Records drawn from a dataset
########
lemma pd_cmult:
  assumes "F differentiable (at p)"
  shows "pd i (\<lambda>q. c * F q) p = c * pd i F p"
  using pd_mult[of "\<lambda>_. c" p F i] assms by (simp add: pd_def)

lemma pd_add:
  assumes "F differentiable (at p)" "G differentiable (at p)"
  shows "pd i (\<lambda>q. F q + G q) p = pd i F p + pd i G p"
proof -
  have "((\<lambda>q. F q + G q) has_derivative
     (\<lambda>h. frechet_derivative F (at p) h + frechet_derivative G (at p) h)) (at p)"
    by (rule has_derivative_add[OF assms[unfolded frechet_derivative_works]])
  then show ?thesis unfolding pd_def by (simp add: frechet_derivative_at[symmetric])
qed

lemma pd_diff:
  assumes "F differentiable (at p)" "G differentiable (at p)"
  shows "pd i (\<lambda>q. F q - G q) p = pd i F p - pd i G p"
proof -
  have "((\<lambda>q. F q - G q) has_derivative
     (\<lambda>h. frechet_derivative F (at p) h - frechet_derivative G (at p) h)) (at p)"
    by (rule has_derivative_diff[OF assms[unfolded frechet_derivative_works]])
  then show ?thesis unfolding pd_def by (simp add: frechet_derivative_at[symmetric])
qed

lemma pd_sum:
  assumes "finite I" "\<And>j. j \<in> I \<Longrightarrow> F j differentiable (at p)"
  shows "pd i (\<lambda>q. \<Sum>j\<in>I. F j q) p = (\<Sum>j\<in>I. pd i (F j) p)"
proof -
  have "((\<lambda>q. \<Sum>j\<in>I. F j q) has_derivative (\<lambda>h. \<Sum>j\<in>I. frechet_derivative (F j) (at p) h)) (at p)"
    using assms by (intro has_derivative_sum) (simp add: frechet_derivative_works[symmetric])
  then show ?thesis unfolding pd_def by (simp add: frechet_derivative_at[symmetric])
qed

lemma has_derivative_at_cong_open:
  assumes "open U" "p \<in> U" "\<And>q. q \<in> U \<Longrightarrow> F q = G q"
  shows "(F has_derivative D) (at p) \<longleftrightarrow> (G has_derivative D) (at p)"
  using has_derivative_transform_within_open[OF _ assms(1,2)] assms(3) by (metis (no_types))

lemma differentiable_at_cong_open:
  assumes "open U" "p \<in> U" "\<And>q. q \<in> U \<Longrightarrow> F q = G q"
  shows "F differentiable (at p) \<longleftrightarrow> G differentiable (at p)"
  unfolding differentiable_def by (simp add: has_derivative_at_cong_open[OF assms])

lemma pd_cong_open:
  assumes "open U" "p \<in> U" "\<And>q. q \<in> U \<Longrightarrow> F q = G q"
  shows "pd i F p = pd i G p"
  unfolding pd_def frechet_derivative_def by (simp add: has_derivative_at_cong_open[OF assms])

lemma Ck_cong_open:
  assumes "open U" "Ck k U F" "\<And>q. q \<in> U \<Longrightarrow> F q = G q"
  shows "Ck k U G"
  using assms(2,3)
proof (induction k arbitrary: F G)
  case 0
  then show ?case using continuous_on_cong[of U U F G] by simp
next
  case (Suc k)
  have "Ck k U (pd i G)" for i
  proof (rule Suc.IH)
    show "Ck k U (pd i F)" using Suc.prems(1) by simp
    show "pd i F q = pd i G q" if "q \<in> U" for q
      by (rule pd_cong_open[OF assms(1) that Suc.prems(2)])
  qed
  moreover have "G differentiable (at q)" if "q \<in> U" for q
    using Suc.prems differentiable_at_cong_open[OF assms(1) that, of F G] that by simp
  ultimately show ?case by simp
qed

lemma Ck_const:
  fixes U :: "(real^'m::finite) set"
  shows "Ck k U (\<lambda>_. c)"
proof (induction k arbitrary: c)
  case (Suc k)
  have "pd i (\<lambda>_. c) = (\<lambda>_::real^'m. 0)" for i
    by (simp add: pd_def fun_eq_iff)
  then show ?case using Suc.IH by simp
qed simp

lemma Ck_linear_combination:
  fixes F :: "'a::finite \<Rightarrow> real^'m::finite \<Rightarrow> real"
  assumes "open U" "\<And>j. Ck k U (F j)"
  shows "Ck k U (\<lambda>q. \<Sum>j\<in>UNIV. c j * F j q)"
  using assms(2)
proof (induction k arbitrary: F)
  case 0
  then show ?case by (simp add: continuous_on_sum continuous_on_mult)
next
  case (Suc k)
  have "Ck k U (pd i (\<lambda>q. \<Sum>j\<in>UNIV. c j * F j q))" for i
  proof (rule Ck_cong_open[OF assms(1)])
    show "Ck k U (\<lambda>q. \<Sum>j\<in>UNIV. c j * pd i (F j) q)"
      using Suc by simp
    show "(\<Sum>j\<in>UNIV. c j * pd i (F j) q) = pd i (\<lambda>q. \<Sum>j\<in>UNIV. c j * F j q) q"
      if "q \<in> U" for q
      using Suc.prems that by (simp add: pd_sum pd_cmult)
  qed
  moreover have "(\<lambda>q. \<Sum>j\<in>UNIV. c j * F j q) differentiable (at q)" if "q \<in> U" for q
    using Suc.prems that by simp
  ultimately show ?case by simp
qed

lemma smooth_vf_const: "smooth_vf U (\<lambda>_. v)"
  unfolding smooth_vf_def smooth_fun_def using Ck_const by blast

lemma smooth_vf_matrix_vector_mult_const:
  assumes "open U" "smooth_tf U T"
  shows "smooth_vf U (\<lambda>q. T q *v v)"
  unfolding smooth_vf_def smooth_fun_def
proof (intro allI)
  fix i k
  have "Ck k U (\<lambda>q. \<Sum>j\<in>UNIV. v $ j * T q $ i $ j)"
    using assms by (intro Ck_linear_combination) (auto simp: smooth_tf_def smooth_fun_def)
  then show "Ck k U (\<lambda>q. (T q *v v) $ i)"
    by (simp add: matrix_vector_mult_def mult.commute)
qed
lemma inhabited_subst_decomposable:
  assumes cat: "is_category A"
  shows "inhabited C A (subst s t k) n D a \<Longrightarrow> k \<le> n \<Longrightarrow> is_ctx A n D \<Longrightarrow> dobj A a \<Longrightarrow>
    subst_decomposable C A s t k n D a"
proof (induct s arbitrary: t k n D a)
  case (Var j)
  then show ?case by (rule subst_decomposable_Var[OF cat])
next
  case (App u v)
  from App.prems(1) obtain G0 ps where G0: "is_ctx A n G0"
    and ps: "inhabited_all C A (subst v t k) n ps"
    and u: "inhabited C A (subst u t k) n G0 (Arr (map fst ps) a)"
    and D: "ctxle C A D (ctx_tensor n (G0 # map snd ps))"
    by (auto elim: inhabited_AppE)
  have "dobj A (Arr (map fst ps) a)"
    using ps App.prems(4) by auto
  then have "subst_decomposable C A u t k n G0 (Arr (map fst ps) a)"
    using App.hyps(1)[OF u App.prems(2) G0] by blast
  moreover have "\<forall>(b, G)\<in>set ps. is_ctx A n G \<and> dobj A b \<and> subst_decomposable C A v t k n G b"
    using ps App.hyps(2) App.prems(2) by fastforce
  ultimately show ?case
    using subst_decomposable_App[OF cat App.prems(2) G0 _ _ D] by blast
next
  case (Abs s)
  from Abs.prems(1) obtain as b where a: "a = Arr as b"
    and s: "inhabited C A (subst s (lift t 0) (Suc k)) (Suc n) (D @ [as]) b"
    by (auto elim: inhabited_AbsE)
  have as: "sdobj A as" and b: "dobj A b"
    using Abs.prems(4) a by (auto simp: sdobj_def)
  have "subst_decomposable C A s (lift t 0) (Suc k) (Suc n) (D @ [as]) b"
    using Abs.hyps[OF s _ is_ctx_append[OF Abs.prems(3) as] b] Abs.prems(2) by simp
  then show ?case
    unfolding a by (rule subst_decomposable_Abs[OF cat Abs.prems(2,3) as b])
qed
theorem proposition5p2:
  fixes K_witness :: "'k::field itself" and A_witness :: "'a::ab_group_add itself"
  shows "cubical_trialgebra (cube_scale :: 'k \<Rightarrow> 'k cube_alg \<Rightarrow> 'k cube_alg)
           (cube_op Neg) (cube_op Pos) (cube_op Nul) \<and>
         (\<forall>(s :: 'k \<Rightarrow> 'a \<Rightarrow> 'a) opl opr opp (a :: 'a).
            cubical_trialgebra s opl opr opp \<longrightarrow>
            (\<exists>!f. trialgebra_morphism (cube_scale :: 'k \<Rightarrow> 'k cube_alg \<Rightarrow> 'k cube_alg)
                    (cube_op Neg) (cube_op Pos) (cube_op Nul) s opl opr opp f \<and>
                  f (Poly_Mapping.single [] 1) = a))"
proof (intro conjI allI impI)
  show "cubical_trialgebra (cube_scale :: 'k \<Rightarrow> 'k cube_alg \<Rightarrow> 'k cube_alg)
          (cube_op Neg) (cube_op Pos) (cube_op Nul)"
    using indexed_trialgebra_cube by (simp add: cubical_trialgebra_iff_indexed sgn3_op_eta)
next
  fix s :: "'k \<Rightarrow> 'a \<Rightarrow> 'a" and opl opr opp and a :: 'a
  assume "cubical_trialgebra s opl opr opp"
  then interpret indexed_trialgebra s "sgn3_op opl opr opp"
    by (simp add: cubical_trialgebra_iff_indexed)
  show "\<exists>!f. trialgebra_morphism cube_scale (cube_op Neg) (cube_op Pos) (cube_op Nul) s opl opr opp f \<and>
          f (Poly_Mapping.single [] 1) = a"
    using ex1_morphism_from_cube[of a]
    by (simp add: trialgebra_morphism_iff_indexed sgn3_op_eta[of cube_op])
qed

end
########
▶ _Task brief_:
Your answer consists solely of the lines from the top of the records above through the line that contains "by (rule has_derivative_diff[OF", each echoed exactly.

▶ _Task solution_:
lemma pd_cmult:
  assumes "F differentiable (at p)"
  shows "pd i (\<lambda>q. c * F q) p = c * pd i F p"
  using pd_mult[of "\<lambda>_. c" p F i] assms by (simp add: pd_def)

lemma pd_add:
  assumes "F differentiable (at p)" "G differentiable (at p)"
  shows "pd i (\<lambda>q. F q + G q) p = pd i F p + pd i G p"
proof -
  have "((\<lambda>q. F q + G q) has_derivative
     (\<lambda>h. frechet_derivative F (at p) h + frechet_derivative G (at p) h)) (at p)"
    by (rule has_derivative_add[OF assms[unfolded frechet_derivative_works]])
  then show ?thesis unfolding pd_def by (simp add: frechet_derivative_at[symmetric])
qed

lemma pd_diff:
  assumes "F differentiable (at p)" "G differentiable (at p)"
  shows "pd i (\<lambda>q. F q - G q) p = pd i F p - pd i G p"
proof -
  have "((\<lambda>q. F q - G q) has_derivative
     (\<lambda>h. frechet_derivative F (at p) h - frechet_derivative G (at p) h)) (at p)"
    by (rule has_derivative_diff[OF assms[unfolded frechet_derivative_works]])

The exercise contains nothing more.